怒火退去,取而代之的,是一种更深沉、更冰冷的东西。
他死死地盯着我,眼神锐利如刀。
“这是你的主意。”他说的不是问句,而是陈述句。
“将军过誉了。这等关乎青木寨未来的大事,岂是我能左右的。”我淡然道。
“是吗?”他忽然冷笑一声,那笑声里充满了不甘与悲凉。
“前日我向你剖白心迹,今日你便带着这般条件来折辱我。你当真……好狠的心!”
他开始反诘,试图将这场政治谈判,拉回我们二人之间的私人恩怨。
这是他最后的挣扎,试图在我这里找到一个突破口,哪怕只是情绪上的。
“我向你许诺未来,你却要我入赘他人。这便是你的回答?”
他的声音里带着一丝颤抖,不知是愤怒,还是伤心。
“你就是如此作践我的真心?”
真心?
我心中只觉得可笑。
他的真心,便是将我从青木寨,从我的家里带走,锁进他的牢笼。
要将青木寨整片俚人区化为己有。
这份真心,何其自私,何其卑劣。
“将军的真心,是想让我舍弃我的家,我的自由,去西境做你的附庸。
而我们母老的提议,是让将军为了西境的大业,为了雍王的宏图,做出一点‘微不足道’的个人牺牲。”
我微微前倾,目光如炬,毫不留情地戳破他的心思。
“将军的真心,只为了你一己之私欲。
而母老的提议,却是为了两境未来的和平与通路。孰轻孰重,将军心中没数吗?”
我的话语如同一把锋利的匕首,将他所谓的“真心”剖析得淋漓尽致,暴露出其下自私的内核。
他被我堵得哑口无言,脸色由红转白,再由白转青。
他像一头被困在陷阱里的猛兽,愤怒地咆哮,却只能在原地打转,每一次冲撞,都只会让绳索勒得更紧。

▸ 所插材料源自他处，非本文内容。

(* Let $F:\mathbb{R}^{n_e}\times\mathbb{R}^{n_x}\to\mathbb{R}^{n_e}$ and $G:\mathbb{R}^{n_e}\times\mathbb{R}^{n_x}\to\mathbb{R}^{n_x}$ be $C^2$, and consider the system $$\dot e = F(e,x),\qquad \dot x = G(e,x),$$ whose solution through $(e_0,x_0)$ at $t=0$ is denoted $(E(e_0,x_0,t),X(e_0,x_0,t))$. Assume property TULES-NL holds: the system is forward complete and there exist real numbers $r>0$, $k>0$, $\lambda>0$ such that $$|E(e_0,x_0,t)|\le k|e_0|\exp(-\lambda t)\quad\text{for all }(e_0,x_0,t)\in B_e(r)\times\mathbb{R}^{n_x}\times\mathbb{R}_{\ge 0}.$$ Assume moreover that there exist positive real numbers $\rho,\mu,c$ such that the following bounds hold. - For all $x\in\mathbb{R}^{n_x}$: $\left|\frac{\partial F}{\partial e}(0,x)\right|\le\mu$ and $\left|\frac{\partial G}{\partial x}(0,x)\right|\le\rho$. - For all $(e,x)\in B_e(kr)\times\mathbb{R}^{n_x}$: $\left|\frac{\partial^2 F}{\partial e\partial e}(e,x)\right|\le c$, $\left|\frac{\partial^2 F}{\partial x\partial e}(e,x)\right|\le c$ and $\left|\frac{\partial G}{\partial e}(e,x)\right|\le c$. Then property UES-TL holds. That is: - the system $\dot{\tilde x}=\tilde G(\tilde x):=G(0,\tilde x)$ is forward complete; - there exist real numbers $\tilde k>0$ and $\tilde\lambda>0$ such that every solution $(\tilde E(\tilde e_0,\tilde x_0,t),\tilde X(\tilde x_0,t))$ of the transversally linear system $$\dot{\tilde e}=\frac{\partial F}{\partial e}(0,\tilde x)\,\tilde e,\qquad \dot{\tilde x}=G(0,\tilde x)$$ satisfies $|\tilde E(\tilde e_0,\tilde x_0,t)|\le\tilde k\exp(-\tilde\lambda t)|\tilde e_0|$ for all $(\tilde e_0,\tilde x_0,t)\in\mathbb{R}^{n_e}\times\mathbb{R}^{n_x}\times\mathbb{R}_{\ge0}$.
   Context: $B_e(a)$ denotes the open ball of radius $a$ centered at the origin of $\mathbb{R}^{n_e}$. The notation $|\cdot|$ denotes the Euclidean norm for vectors and the corresponding operator norm for matrices and higher derivatives. *)

theory Defs
  imports "HOL-Analysis.Analysis"
begin

definition solves_fwd :: "(real \<Rightarrow> 'a::real_normed_vector) \<Rightarrow> ('a \<Rightarrow> 'a) \<Rightarrow> bool" where
  "solves_fwd \<phi> f \<longleftrightarrow> (\<forall>t\<ge>0. (\<phi> has_vector_derivative f (\<phi> t)) (at t within {0..}))"

definition forward_complete :: "('a::real_normed_vector \<Rightarrow> 'a) \<Rightarrow> bool" where
  "forward_complete f \<longleftrightarrow> (\<forall>z0. \<exists>\<phi>. \<phi> 0 = z0 \<and> solves_fwd \<phi> f)"

end

theory Submission
  imports Defs
begin

text \<open>
  Taking \<open>e\<^sub>0 = 0\<close> in TULES-NL shows that solutions starting on \<open>{e = 0}\<close> stay there;
  hence \<open>F (0, x) = 0\<close> and the reduced system \<open>\<dot>x = G (0, x)\<close> is forward complete.
  For the exponential estimate, compare a solution \<open>(\<tilde>e, \<tilde>x)\<close> of the transversally
  linear system with the solution \<open>(E, X)\<close> of the full system through \<open>(\<epsilon> \<tilde>e\<^sub>0, \<tilde>x\<^sub>0)\<close>.
  By TULES-NL, \<open>|E| = O(\<epsilon>)\<close> uniformly in time; a Gronwall estimate then gives
  \<open>|X - \<tilde>x| = O(\<epsilon>)\<close>, and a second one, using the second-order Taylor bound on \<open>F\<close>,
  gives \<open>|E - \<epsilon> \<tilde>e| = O(\<epsilon>\<^sup>2)\<close> on every compact time interval. So
  \<open>|\<tilde>e(t)| \<le> k exp (-\<lambda> t) |\<tilde>e\<^sub>0| + O(\<epsilon>)\<close>, and \<open>\<epsilon> \<rightarrow> 0\<close> yields UES-TL with the same \<open>k\<close> and \<open>\<lambda>\<close>.
\<close>

lemma norm_diff_le_of_segment_derivative_bound:
  fixes H :: "'a::real_normed_vector \<Rightarrow> 'b::real_normed_vector"
  assumes der: "\<And>z. (H has_derivative H' z) (at z)"
    and bnd: "\<And>s. 0 \<le> s \<Longrightarrow> s \<le> 1 \<Longrightarrow> norm (H' (p + s *\<^sub>R (q - p)) (q - p)) \<le> B"
  shows "norm (H q - H p) \<le> B"
proof -
  define \<gamma> where "\<gamma> s = p + s *\<^sub>R (q - p)" for s
  have d\<gamma>: "((H \<circ> \<gamma>) has_vector_derivative H' (\<gamma> s) (q - p)) (at s)" for s
    unfolding \<gamma>_def
    by (rule vector_derivative_diff_chain_within[OF _ has_derivative_subset[OF der]])
       (auto intro!: derivative_eq_intros)
  have "continuous_on {0..1} (H \<circ> \<gamma>)"
    using d\<gamma> by (meson continuous_at_imp_continuous_on has_vector_derivative_continuous)
  then have "norm ((H \<circ> \<gamma>) 1 - (H \<circ> \<gamma>) 0) \<le> B * 1 - B * 0"
    by (rule differentiable_bound_general[OF zero_less_one _ _ d\<gamma>, where \<phi>' = "\<lambda>_. B"])
       (auto intro!: continuous_intros derivative_eq_intros bnd
         simp: \<gamma>_def has_vector_derivative_def)
  then show ?thesis by (simp add: \<gamma>_def)
qed

lemma norm_le_exp_of_affine_derivative_bound:
  fixes u :: "real \<Rightarrow> 'a::real_inner"
  assumes der: "\<And>s. 0 \<le> s \<Longrightarrow> s \<le> T \<Longrightarrow> (u has_vector_derivative u' s) (at s within {0..})"
    and bnd: "\<And>s. 0 \<le> s \<Longrightarrow> s \<le> T \<Longrightarrow> norm (u' s) \<le> L * norm (u s) + B"
    and L: "0 \<le> L" and B: "0 \<le> B" and t: "0 \<le> t" "t \<le> T"
  shows "norm (u t) \<le> (norm (u 0) + B) * exp ((L + 1/2) * t)"
proof -
  define M where "M = 2 * L + 1"
  \<comment> \<open>Work with \<open>|u|\<^sup>2\<close>, which unlike \<open>|u|\<close> is differentiable where \<open>u\<close> vanishes.\<close>
  define g where "g s = exp (- M * s) * (u s \<bullet> u s + B\<^sup>2)" for s
  have "continuous_on {0..t} u"
  proof (rule continuous_on_vector_derivative)
    fix s assume s: "s \<in> {0..t}"
    show "(u has_vector_derivative u' s) (at s within {0..t})"
      by (rule has_vector_derivative_within_subset[OF der]) (use s t in auto)
  qed
  then have cont: "continuous_on {0..t} g"
    unfolding g_def by (intro continuous_intros)
  have "g t \<le> g 0"
  proof (rule DERIV_nonpos_imp_decreasing_open[OF t(1) _ cont])
    fix s assume s: "0 < s" "s < t"
    have "(u has_vector_derivative u' s) (at s within {0<..})"
      by (rule has_vector_derivative_within_subset[OF der]) (use s t in auto)
    then have "(u has_vector_derivative u' s) (at s)"
      using s has_vector_derivative_within_open[of s "{0<..}" u "u' s"] by auto
    then have dg: "(g has_real_derivative exp (- M * s) * (2 * (u s \<bullet> u' s) - M * (u s \<bullet> u s + B\<^sup>2))) (at s)"
      unfolding g_def has_field_derivative_def has_vector_derivative_def
      by (auto intro!: derivative_eq_intros simp: algebra_simps inner_commute)
    have "2 * (u s \<bullet> u' s) \<le> 2 * (norm (u s) * norm (u' s))"
      using norm_cauchy_schwarz[of "u s" "u' s"] by simp
    also have "\<dots> \<le> 2 * (norm (u s) * (L * norm (u s) + B))"
      using bnd[of s] s t by (intro mult_left_mono) auto
    also have "\<dots> = 2 * L * (norm (u s))\<^sup>2 + 2 * norm (u s) * B"
      by (simp add: algebra_simps power2_eq_square)
    also have "\<dots> \<le> 2 * L * (norm (u s))\<^sup>2 + ((norm (u s))\<^sup>2 + B\<^sup>2)"
      using sum_squares_bound[of "norm (u s)" B] by simp
    also have "\<dots> \<le> M * (u s \<bullet> u s + B\<^sup>2)"
      using L by (simp add: M_def power2_norm_eq_inner algebra_simps)
    finally show "\<exists>y. (g has_real_derivative y) (at s) \<and> y \<le> 0"
      using dg by (intro exI conjI) (auto intro: mult_nonneg_nonpos)
  qed
  then have "(norm (u t))\<^sup>2 + B\<^sup>2 \<le> ((norm (u 0))\<^sup>2 + B\<^sup>2) * exp (M * t)"
    by (simp add: g_def power2_norm_eq_inner exp_minus field_simps)
  then have "(norm (u t))\<^sup>2 \<le> ((norm (u 0))\<^sup>2 + B\<^sup>2) * exp (M * t)"
    using zero_le_power2[of B] by linarith
  also have "\<dots> \<le> (norm (u 0) + B)\<^sup>2 * exp (M * t)"
    using B by (intro mult_right_mono) (auto simp: power2_sum)
  also have "exp (M * t) = (exp ((L + 1/2) * t))\<^sup>2"
    unfolding M_def exp_double[symmetric] by (simp add: algebra_simps)
  finally have "(norm (u t))\<^sup>2 \<le> ((norm (u 0) + B) * exp ((L + 1/2) * t))\<^sup>2"
    by (simp only: power_mult_distrib)
  then show ?thesis
    by (rule power2_le_imp_le) (use B in simp)
qed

那股困兽犹斗的挣扎、不甘与愤怒,在他身上交织,让他整个人都散发出一股悲怆而暴戾的气息。
他看着我,眼中最后一点希冀也熄灭了。
他或许在这一刻才真正明白,眼前的我,并不是那个他口中日夜萦绕,找到即可带走的女子。
站在他面前的,是青木寨的利刃。
良久,他眼中的风暴终于平息,化为一片死寂的寒潭。
“我需要思考几天。”他几乎是从牙缝里一个字一个字挤出来的。
“悉听尊便。”我站起身,没有半分停留的打算。
目的已经达到,再多说一句,都是多余。
我微微颔首,算是告辞,然后转身离去,没有半分拖泥带水。
身后那道灼热而复杂的视线,如芒在背,但我一步也未曾回头。
接下来的几天,
青木寨表面风平浪静。
但我发现,寨子里那群半大孩子又活跃起来了。
他们三五成群,打着掏鸟窝、追兔子的旗号,满山乱窜,嘴里又开始念叨那个“山洞里的野人”的故事。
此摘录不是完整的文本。